An order in conformity with this opinion shall issue.

NOTES

[1] The court notes that the SIAA provides that actions thereunder "shall proceed and shall be heard and determined according to the principles of law and to the rules of practice obtaining in like cases between private parties." 46 U.S.C. § 743. The court also notes that under both general maritime law and the Jones Act, a private time charterer will not be held liable for the shipowner's negligence or failure to provide a seaworthy vessel because operational control has not shifted to the time charterer from the owner. M.J. Norris, The Law of Maritime Personal Injuries 3rd, § 130 (1987). The courts have previously used a similar test in many cases involving liability under the SIAA but not considering time charters. See Cosmopolitan Shipping Co. v. McAllister, 337 U.S. 783, 69 S. Ct. 1317, 93 L. Ed. 1692 (1949) (determining that general agent who has no duties in actual management or navigation of U.S. owned vessel not liable for crew injured through crew negligence under SIAA and Jones Act); Weade v. Dichmann, Wright & Pugh, Inc., 337 U.S. 801, 69 S. Ct. 1326, 93 L. Ed. 1704 (1949) (sameinjured passenger); Fink v. Shepard S.S. Co., 337 U.S. 810, 69 S. Ct. 1330, 93 L. Ed. 1709 (1949) (same, wages, maintenance and cure); Trautman v. Buck Steber, Inc., 693 F.2d 440 (5th Cir.1982) (U.S. not liable for injury to diver from negligence of subcontractor where U.S. exercised no operational control over subcontractor). The conclusion that a United States agency as a time charterer cannot be liable would seem to be compelled by these arguments.

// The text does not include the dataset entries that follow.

(* Let $c,d\in\mathbb{N}$, $I=\mathbb{N}^d\times[c]$, $I_n=[n]^d\times[c]$. Let $\mathfrak{M}=(M_n)_{n\ge1}$ be a $\mathrm{Sym}$-invariant chain of monoids with $M_n\subseteq\mathbb{Z}_{\ge0}^{(I_n)}$ for all $n$, and let $M=\bigcup_{n\ge1}M_n$. Then the following are equivalent: (i) $\mathfrak{M}$ stabilizes (i.e. there is $p\in\mathbb{N}$ with $M_n=\mathbb{Z}_{\ge0}\mathrm{Sym}(n)(M_m)$ for all $n\ge m\ge p$) and $M_n$ is finitely generated for all sufficiently large $n$; (ii) there exist $p\in\mathbb{N}$ and a finite equivariant Hilbert basis $\mathcal{H}_p$ of $M_p$ that is also an equivariant Hilbert basis of $M_n$ for all $n\ge p$; (iii) there exist $q,q'\in\mathbb{N}$ such that for all $n\ge q$: (a) $M_n=M\cap\mathbb{Z}^{(I_n)}$, and (b) $M_n$ has a finite Hilbert basis consisting of elements of support size at most $q'$; (iv) $M$ has a finite equivariant Hilbert basis.
   Context: $\mathbb{N}=\{1,2,\dots\}$. $\mathbb{Z}^{(I)}$ is the free abelian group with basis $I$, $\mathbb{Z}_{\ge0}^{(I)}$ its nonnegative vectors; $\mathbb{Z}^{(I_n)}\subseteq\mathbb{Z}^{(I)}$ by extension by zero. Support size = number of nonzero entries. For a set $A$, $\mathbb{Z}_{\ge0}A$ is the set of finite $\mathbb{Z}_{\ge0}$-linear combinations of elements of $A$. A Hilbert basis of a monoid $M$ is a minimal generating set (with respect to $\mathbb{Z}_{\ge0}$-combinations). $\mathrm{Sym}(n)$ is the symmetric group on $[n]$, embedded in $\mathrm{Sym}(n+1)$ as stabilizer of $n+1$; $\mathrm{Sym}=\bigcup_n\mathrm{Sym}(n)$ acts on $\mathbb{Z}^{(I)}$ by linear extension of $\sigma(\mathbf{e}_{(i_1,\dots,i_d),j})=\mathbf{e}_{(\sigma(i_1),\dots,\sigma(i_d)),j}$, restricting to $\mathrm{Sym}(n)$ on $\mathbb{Z}^{(I_n)}$; $G(A)=\{\sigma(\mathbf{u})\mid\sigma\in G,\mathbf{u}\in A\}$. A $\mathrm{Sym}$-invariant chain of monoids is $(M_n)_{n\ge1}$ with $M_n\subseteq\mathbb{Z}^{(I_n)}$ a monoid, $M_m\subseteq M_n$ for $m\le n$, each $M_n$ $\mathrm{Sym}(n)$-invariant. $\mathcal{H}\subseteq M_n$ (resp. $\subseteq M$) is an equivariant Hilbert basis if $\mathrm{Sym}(n)(\mathcal{H})$ (resp. $\mathrm{Sym}(\mathcal{H})$) is a Hilbert basis. *)

theory Defs
  imports "HOL-Combinatorics.Permutations"
begin

text \<open>Indices (i_1,...,i_d, j) are represented as pairs (list of length d, j).
  Vectors of Z^(I) are functions idx => int with finite support inside I.\<close>

type_synonym idx = "nat list \<times> nat"
type_synonym vec = "idx \<Rightarrow> int"

definition supp :: "vec \<Rightarrow> idx set" where
  "supp u = {x. u x \<noteq> 0}"

definition Iset :: "nat \<Rightarrow> nat \<Rightarrow> idx set" where
  "Iset d c = {(is, j). length is = d \<and> set is \<subseteq> {1..} \<and> j \<in> {1..c}}"

definition In :: "nat \<Rightarrow> nat \<Rightarrow> nat \<Rightarrow> idx set" where
  "In d c n = {(is, j). length is = d \<and> set is \<subseteq> {1..n} \<and> j \<in> {1..c}}"

definition ZIn :: "nat \<Rightarrow> nat \<Rightarrow> nat \<Rightarrow> vec set" where
  "ZIn d c n = {u. supp u \<subseteq> In d c n}"

definition ZIn_nonneg :: "nat \<Rightarrow> nat \<Rightarrow> nat \<Rightarrow> vec set" where
  "ZIn_nonneg d c n = {u. u \<in> ZIn d c n \<and> (\<forall>x. u x \<ge> 0)}"

definition is_monoid :: "vec set \<Rightarrow> bool" where
  "is_monoid M \<longleftrightarrow> (\<lambda>_. 0) \<in> M \<and> (\<forall>u\<in>M. \<forall>v\<in>M. (\<lambda>x. u x + v x) \<in> M)"

definition nncomb :: "vec set \<Rightarrow> vec set" where
  "nncomb A = {(\<lambda>x. \<Sum>a\<in>F. int (k a) * a x) | F k. finite F \<and> F \<subseteq> A}"

definition hilbert_basis :: "vec set \<Rightarrow> vec set \<Rightarrow> bool" where
  "hilbert_basis H M \<longleftrightarrow> H \<subseteq> M \<and> nncomb H = M \<and> (\<forall>H'. H' \<subset> H \<longrightarrow> nncomb H' \<noteq> M)"

definition finitely_generated :: "vec set \<Rightarrow> bool" where
  "finitely_generated M \<longleftrightarrow> (\<exists>F. finite F \<and> F \<subseteq> M \<and> nncomb F = M)"

definition SymN :: "nat \<Rightarrow> (nat \<Rightarrow> nat) set" where
  "SymN n = {\<sigma>. \<sigma> permutes {1..n}}"

definition SymAll :: "(nat \<Rightarrow> nat) set" where
  "SymAll = (\<Union>n\<in>{1..}. SymN n)"

text \<open>Action: sigma(e_{(i_1..i_d),j}) = e_{(sigma i_1..sigma i_d),j}, extended linearly;
  i.e. (sigma u)(i,j) = u(sigma^{-1} i, j).\<close>
definition act :: "(nat \<Rightarrow> nat) \<Rightarrow> vec \<Rightarrow> vec" where
  "act \<sigma> u = (\<lambda>(is, j). u (map (inv \<sigma>) is, j))"

definition orbit_set :: "(nat \<Rightarrow> nat) set \<Rightarrow> vec set \<Rightarrow> vec set" where
  "orbit_set G A = {act \<sigma> u | \<sigma> u. \<sigma> \<in> G \<and> u \<in> A}"

definition equiv_hilbert_basis_n :: "nat \<Rightarrow> vec set \<Rightarrow> vec set \<Rightarrow> bool" where
  "equiv_hilbert_basis_n n H M \<longleftrightarrow> H \<subseteq> M \<and> hilbert_basis (orbit_set (SymN n) H) M"

definition equiv_hilbert_basis :: "vec set \<Rightarrow> vec set \<Rightarrow> bool" where
  "equiv_hilbert_basis H M \<longleftrightarrow> H \<subseteq> M \<and> hilbert_basis (orbit_set SymAll H) M"

text \<open>Sym-invariant chain of monoids (M_n)_{n>=1}; values at n = 0 are irrelevant.\<close>
definition sym_inv_chain :: "nat \<Rightarrow> nat \<Rightarrow> (nat \<Rightarrow> vec set) \<Rightarrow> bool" where
  "sym_inv_chain d c M \<longleftrightarrow>
     (\<forall>n\<ge>1. is_monoid (M n) \<and> M n \<subseteq> ZIn d c n) \<and>
     (\<forall>m n. 1 \<le> m \<and> m \<le> n \<longrightarrow> M m \<subseteq> M n) \<and>
     (\<forall>n\<ge>1. \<forall>\<sigma>\<in>SymN n. \<forall>u\<in>M n. act \<sigma> u \<in> M n)"

definition chain_union :: "(nat \<Rightarrow> vec set) \<Rightarrow> vec set" where
  "chain_union M = (\<Union>n\<in>{1..}. M n)"

end

theory Submission
  imports Defs
begin

(* Every monoid here consists of nonnegative vectors with finite support, so it has a unique
   Hilbert basis: its set of irreducible elements. An equivariant Hilbert basis is therefore a
   set of orbit representatives of the irreducibles, and all four conditions are statements
   about irreducibles. Since u in M_m is irreducible in M_m as soon as it is irreducible in some
   larger M_n, the irreducibles of M are exactly the vectors that are eventually irreducible in
   M_n, and among finitely many candidates irreducibility eventually stabilizes. Finiteness of the
   orbits is linked to saturation, M_n = M \<inter> Z^(I_n), and to bounded support size by two facts
   about indices: a Sym-translate of a vector in Z^(I_n) that again lies in Z^(I_n) is already a
   Sym(n)-translate, and a vector with support of size s can be permuted into Z^(I_(d s)). *)

section \<open>Nonnegative integer combinations\<close>

lemma nncombI:
  assumes "finite F" "F \<subseteq> A"
  shows "(\<lambda>x. \<Sum>a\<in>F. int (k a) * a x) \<in> nncomb A"
  using assms unfolding nncomb_def by blast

However, as noted in the body of this opinion, the Supreme Court has concluded in contexts other than personal injury that the United States is liable under the SIAA when the vessel is merely time chartered. See Calmar S.S. Corp. v. United States, 345 U.S. 446, 73 S. Ct. 733, 97 L. Ed. 1140 (1953); Matson Navigation Co. v. United States, 284 U.S. 352, 52 S. Ct. 162, 76 L. Ed. 336 (1932). This position also appears well grounded in the language of the SIAA itself. 46 U.S.C. § 741 exempts from seizure any "vessel owned by the United States ... in the possession of the United States ... or operated by or for the United States." The first phrase clearly applies to vessels actually owned by the United States. The second phrase covers vessels within the legal possession of the United States, such as bareboat charters and requisitioned vessels. If the third phrase is not to be a nullity, it must apply to situations where the vessel is used exclusively for the purposes of the United States but the United States neither owns or possesses the vessel. This can only mean time and voyage charters.

This is the only reasonable reading in light of the history of the act. The purpose of the act was to permit suit against the United States for actions of vessels in its service while freeing such vessels from threat of arrest under an action in rem. The purpose would not be served by limiting the application of the act to vessels owned or possessed by the United States. The government had equal interest in preventing the seizure of vessels operated exclusively for it. Ironically, were the M/V TERRI the only vessel available for its purpose and had the vessel been seized in an action in rem, the United States conceivably would be before this court arguing for the application of the SIAA to time charters.

[2] Sevin states that the seaman's rights under the Jones Act and SIAA are limited to those available in admiralty. Sevin, 88 F.2d at 989. This implies that the right to jury trial afforded to seamen by the Jones Act is not available when the action is brought through the SIAA.

[3] The United States may assert this claim in a separate action for indemnification or, alternatively, in a cross-claim within the cause sub judice.